lemma conj_block_diag_mat:
  assumes A: "A \<in> carrier_mat m m" and B: "B \<in> carrier_mat m m" and P: "P \<in> carrier_mat m m"
  shows "block_diag_mat A B * block_diag_mat P P * adj (block_diag_mat A B)
       = block_diag_mat (A * P * adj A) (B * P * adj B)"
proof -
  have "A * P \<in> carrier_mat m m" "B * P \<in> carrier_mat m m"
       "adj A \<in> carrier_mat m m" "adj B \<in> carrier_mat m m"
    using A B P by (auto simp: adj_carrier_mat)
  then show ?thesis
    unfolding mult_block_diag_mat[OF A B P P] adj_block_diag_mat[OF A B]
    by (rule mult_block_diag_mat)
qed

lemma unitary_block_diag_matD:
  assumes A: "A \<in> carrier_mat (2^n) (2^n)" and B: "B \<in> carrier_mat (2^n) (2^n)"
    and U: "unitary (Suc n) (block_diag_mat A B)"
  shows "unitary n A \<and> unitary n B"
proof -
  let ?m = "2^n :: nat"
  have adj: "adj A \<in> carrier_mat ?m ?m" "adj B \<in> carrier_mat ?m ?m"
    using A B by (simp_all add: adj_carrier_mat)
  have one: "1\<^sub>m (2^Suc n) = block_diag_mat (1\<^sub>m ?m) (1\<^sub>m ?m :: complex mat)"
    by (simp add: mult_2)
  have "block_diag_mat (A * adj A) (B * adj B) = block_diag_mat A B * adj (block_diag_mat A B)"
    unfolding adj_block_diag_mat[OF A B] mult_block_diag_mat[OF A B adj] ..
  also have "\<dots> = block_diag_mat (1\<^sub>m ?m) (1\<^sub>m ?m)"
    using U one unfolding unitary_def by simp
  finally have right: "A * adj A = 1\<^sub>m ?m \<and> B * adj B = 1\<^sub>m ?m"
    using A B adj block_diag_mat_inject[of "A * adj A" ?m "B * adj B" "1\<^sub>m ?m" "1\<^sub>m ?m"] by auto
  have "block_diag_mat (adj A * A) (adj B * B) = adj (block_diag_mat A B) * block_diag_mat A B"
    unfolding adj_block_diag_mat[OF A B] mult_block_diag_mat[OF adj A B] ..
  also have "\<dots> = block_diag_mat (1\<^sub>m ?m) (1\<^sub>m ?m)"
    using U one unfolding unitary_def by simp
  finally have left: "adj A * A = 1\<^sub>m ?m \<and> adj B * B = 1\<^sub>m ?m"
    using A B adj block_diag_mat_inject[of "adj A * A" ?m "adj B * B" "1\<^sub>m ?m" "1\<^sub>m ?m"] by auto
  show ?thesis
    using A B left right unfolding unitary_def by simp
qed
(* For every input permutation, at every step of algorithm $\mathcal{D}^2\mathcal{I}$ we have $Top(D_1)<Top(I)$ (a statement about an empty stack being considered true).
   Context: The $\mathfrak{D}^2\mathfrak{I}$ machine consists of two decreasing stacks $D_1,D_2$ followed in series by an increasing stack $I$. Elements of $D_1,D_2$ must be in decreasing order from top to bottom (top largest); elements of $I$ in increasing order from top to bottom (top smallest). Operations: $d_0$ pushes the next input element (called $Input$) into $D_1$; $d_1$ moves $Top(D_1)$ to $D_2$; $d_2$ moves $Top(D_2)$ to $I$; $d_3$ pops $Top(I)$ and appends it to the output. Any comparison involving an empty stack is considered true. Conditions: ($\alpha$) $Top(D_2)<Top(I)$; ($\beta$) $Top(D_2)<Top(D_1)$ and $Top(D_1)<Top(I)$; ($\gamma$) $Top(D_1)<Input$, $Input<Top(I)$, and the sequence of input elements from $Input$ up to the first input element larger than $Top(D_2)$ is increasing. Algorithm $\mathcal{D}^2\mathcal{I}$ repeatedly executes the first applicable instruction among: 1. if $Top(I)$ is the next element to be output, perform $d_3$; 2. if the elements contained in $D_1\cup D_2$ are exactly the next elements to be output, move them to the output in increasing order; 3. perform $d_1$ if it is legal and ($\beta$) holds; 4. perform $d_0$ if it is legal and ($\gamma$) holds; 5. perform $d_2$ if it is legal and ($\alpha$) holds; 6. otherwise perform $d_3$. *)

theory Defs
  imports Main
begin

text \<open>Stacks are lists with the top element at the head.  The remaining input is
  a list whose head is the element called Input.\<close>

record state =
  inp :: "nat list"
  D1  :: "nat list"
  D2  :: "nat list"
  I   :: "nat list"
  out :: "nat list"

fun ltop :: "nat list \<Rightarrow> nat list \<Rightarrow> bool" where
  "ltop [] _ = True"
| "ltop _ [] = True"
| "ltop (x # _) (y # _) = (x < y)"

definition op_d0 :: "state \<Rightarrow> state" where
  "op_d0 s = s\<lparr>inp := tl (inp s), D1 := hd (inp s) # D1 s\<rparr>"
definition op_d1 :: "state \<Rightarrow> state" where
  "op_d1 s = s\<lparr>D1 := tl (D1 s), D2 := hd (D1 s) # D2 s\<rparr>"
definition op_d2 :: "state \<Rightarrow> state" where
  "op_d2 s = s\<lparr>D2 := tl (D2 s), I := hd (D2 s) # I s\<rparr>"
definition op_d3 :: "state \<Rightarrow> state" where
  "op_d3 s = s\<lparr>I := tl (I s), out := out s @ [hd (I s)]\<rparr>"

text \<open>Legality: D1, D2 decreasing top to bottom (top largest), I increasing (top smallest).\<close>
definition legal_d0 :: "state \<Rightarrow> bool" where
  "legal_d0 s \<longleftrightarrow> inp s \<noteq> [] \<and> ltop (D1 s) (inp s)"
definition legal_d1 :: "state \<Rightarrow> bool" where
  "legal_d1 s \<longleftrightarrow> D1 s \<noteq> [] \<and> ltop (D2 s) (D1 s)"
definition legal_d2 :: "state \<Rightarrow> bool" where
  "legal_d2 s \<longleftrightarrow> D2 s \<noteq> [] \<and> ltop (D2 s) (I s)"

definition cond_alpha :: "state \<Rightarrow> bool" where
  "cond_alpha s \<longleftrightarrow> ltop (D2 s) (I s)"
definition cond_beta :: "state \<Rightarrow> bool" where
  "cond_beta s \<longleftrightarrow> ltop (D2 s) (D1 s) \<and> ltop (D1 s) (I s)"

text \<open>The input segment from Input up to (and including) the first input element
  larger than Top(D2); the whole remaining input if there is no such element.\<close>
definition gamma_segment :: "state \<Rightarrow> nat list" where
  "gamma_segment s =
     (let big = (\<lambda>x. ltop (D2 s) [x])
      in takeWhile (\<lambda>x. \<not> big x) (inp s) @ take 1 (dropWhile (\<lambda>x. \<not> big x) (inp s)))"

definition cond_gamma :: "state \<Rightarrow> bool" where
  "cond_gamma s \<longleftrightarrow> ltop (D1 s) (inp s) \<and> ltop (inp s) (I s)
                     \<and> sorted_wrt (<) (gamma_segment s)"

text \<open>Input is a permutation of 1..n, so the next element to be output is length out + 1.\<close>
definition next_out :: "state \<Rightarrow> nat" where
  "next_out s = Suc (length (out s))"

definition rule2_applies :: "state \<Rightarrow> bool" where
  "rule2_applies s \<longleftrightarrow> D1 s @ D2 s \<noteq> [] \<and>
     set (D1 s @ D2 s) = {next_out s ..< next_out s + length (D1 s @ D2 s)}"

text \<open>One step of algorithm D2I; None when no instruction can be executed
  (in particular when d3 is required but I is empty).\<close>
definition step :: "state \<Rightarrow> state option" where
  "step s =
    (if I s \<noteq> [] \<and> hd (I s) = next_out s then Some (op_d3 s)
     else if rule2_applies s then
       Some (s\<lparr>D1 := [], D2 := [], out := out s @ sort (D1 s @ D2 s)\<rparr>)
     else if legal_d1 s \<and> cond_beta s then Some (op_d1 s)
     else if legal_d0 s \<and> cond_gamma s then Some (op_d0 s)
     else if legal_d2 s \<and> cond_alpha s then Some (op_d2 s)
     else if I s \<noteq> [] then Some (op_d3 s)
     else None)"

definition init_state :: "nat list \<Rightarrow> state" where
  "init_state xs = \<lparr>inp = xs, D1 = [], D2 = [], I = [], out = []\<rparr>"

definition reachable :: "nat list \<Rightarrow> state \<Rightarrow> bool" where
  "reachable xs s \<longleftrightarrow> (\<lambda>a b. step a = Some b)\<^sup>*\<^sup>* (init_state xs) s"

end

theory Submission
  imports Defs
begin

text \<open>The claim is one clause of an invariant that every step of the algorithm preserves:
  the stacks hold distinct elements, \<open>D\<^sub>1\<close> is decreasing, \<open>I\<close> is increasing and
  \<open>Top(D\<^sub>1) < Top(I)\<close>.  Instruction \<open>d\<^sub>0\<close> only pushes an element above \<open>Top(D\<^sub>1)\<close> and
  below \<open>Top(I)\<close> (condition \<open>\<gamma>\<close>).  The only delicate instruction is \<open>d\<^sub>2\<close>: it is executed
  only when instruction 3 was not, and since \<open>Top(D\<^sub>1) < Top(I)\<close> already holds, the failure
  of \<open>\<beta>\<close> forces \<open>Top(D\<^sub>2) > Top(D\<^sub>1)\<close>, so the new top of \<open>I\<close> still lies above \<open>D\<^sub>1\<close>.\<close>

definition d2i_invariant :: "state \<Rightarrow> bool" where
  "d2i_invariant s \<longleftrightarrow> distinct (inp s @ D1 s @ D2 s @ I s)
      \<and> sorted_wrt (>) (D1 s) \<and> sorted_wrt (<) (I s) \<and> ltop (D1 s) (I s)"

lemma d2i_invariant_init_state:
  "distinct xs \<Longrightarrow> d2i_invariant (init_state xs)"
  by (simp add: d2i_invariant_def init_state_def)

lemma d2i_invariant_op_d3:
  assumes "d2i_invariant s" "I s \<noteq> []"
  shows "d2i_invariant (op_d3 s)"
proof -
  obtain y ys where "I s = y # ys" using assms(2) by (cases "I s") auto
  with assms(1) show ?thesis
    by (cases "D1 s"; cases ys) (auto simp: d2i_invariant_def op_d3_def)
qed

lemma d2i_invariant_flush:
  "d2i_invariant s \<Longrightarrow> d2i_invariant (s\<lparr>D1 := [], D2 := [], out := zs\<rparr>)"
  by (auto simp: d2i_invariant_def)

lemma d2i_invariant_op_d1:
  assumes "d2i_invariant s" "D1 s \<noteq> []"
  shows "d2i_invariant (op_d1 s)"
proof -
  obtain y ys where "D1 s = y # ys" using assms(2) by (cases "D1 s") auto
  with assms(1) show ?thesis
    by (cases ys; cases "I s") (auto simp: d2i_invariant_def op_d1_def)
qed

lemma d2i_invariant_op_d0:
  assumes inv: "d2i_invariant s" and "legal_d0 s" "cond_gamma s"
  shows "d2i_invariant (op_d0 s)"
proof -
  obtain y ys where inp: "inp s = y # ys"
    using \<open>legal_d0 s\<close> by (cases "inp s") (auto simp: legal_d0_def)
  have above_D1: "\<forall>z\<in>set (D1 s). z < y"
  proof (cases "D1 s")
    case (Cons d ds)
    with \<open>legal_d0 s\<close> inp have "d < y" by (simp add: legal_d0_def)
    with Cons inv show ?thesis by (auto simp: d2i_invariant_def)
  qed simp
  have below_I: "I s = [] \<or> y < hd (I s)"
    using \<open>cond_gamma s\<close> inp by (cases "I s") (auto simp: cond_gamma_def)
  from inv inp above_D1 below_I show ?thesis
    by (cases "I s") (auto simp: d2i_invariant_def op_d0_def)
qed

lemma d2i_invariant_op_d2:
  assumes inv: "d2i_invariant s" and "legal_d2 s" and no_d1: "\<not> (legal_d1 s \<and> cond_beta s)"
  shows "d2i_invariant (op_d2 s)"
proof -
  obtain y ys where D2: "D2 s = y # ys"
    using \<open>legal_d2 s\<close> by (cases "D2 s") (auto simp: legal_d2_def)
  have below_I: "\<forall>z\<in>set (I s). y < z"
  proof (cases "I s")
    case (Cons d ds)
    with \<open>legal_d2 s\<close> D2 have "y < d" by (simp add: legal_d2_def)
    with Cons inv show ?thesis by (auto simp: d2i_invariant_def)
  qed simp
  have above_D1: "D1 s = [] \<or> hd (D1 s) < y"
  proof (cases "D1 s")
    case (Cons d ds)
    have "ltop (D1 s) (I s)" using inv by (simp add: d2i_invariant_def)
    with no_d1 Cons D2 have "\<not> y < d" by (auto simp: legal_d1_def cond_beta_def)
    moreover have "d \<noteq> y" using inv Cons D2 by (auto simp: d2i_invariant_def)
    ultimately show ?thesis using Cons by simp
  qed simp
  from inv D2 below_I above_D1 show ?thesis
    by (cases "D1 s") (auto simp: d2i_invariant_def op_d2_def)
qed

lemma d2i_invariant_step:
  assumes "d2i_invariant s" "step s = Some t"
  shows "d2i_invariant t"
  using assms d2i_invariant_op_d3[OF assms(1)] d2i_invariant_flush[OF assms(1)]
    d2i_invariant_op_d1[OF assms(1)] d2i_invariant_op_d0[OF assms(1)]
    d2i_invariant_op_d2[OF assms(1)]
  by (auto simp: step_def legal_d1_def split: if_splits)

lemma reachable_d2i_invariant:
  assumes "distinct xs" "reachable xs s"
  shows "d2i_invariant s"
proof -
  have "(\<lambda>a b. step a = Some b)\<^sup>*\<^sup>* (init_state xs) s"
    using assms(2) by (simp add: reachable_def)
  then show ?thesis
    by induction (use assms(1) d2i_invariant_init_state d2i_invariant_step in blast)+
qed

theorem mainTheorem7:
  fixes n :: nat and xs :: "nat list" and s :: state
  assumes "distinct xs" and "set xs = {1..n}"
    and "reachable xs s"
  shows "ltop (D1 s) (I s)"
  using reachable_d2i_invariant[OF assms(1,3)] by (simp add: d2i_invariant_def)

end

_What is expected_. The expected output is every line of the records in which the string "length" appears.

_Answer box_.
text \<open>Input is a permutation of 1..n, so the next element to be output is length out + 1.\<close>
  "next_out s = Suc (length (out s))"
     set (D1 s @ D2 s) = {next_out s ..< next_out s + length (D1 s @ D2 s)}"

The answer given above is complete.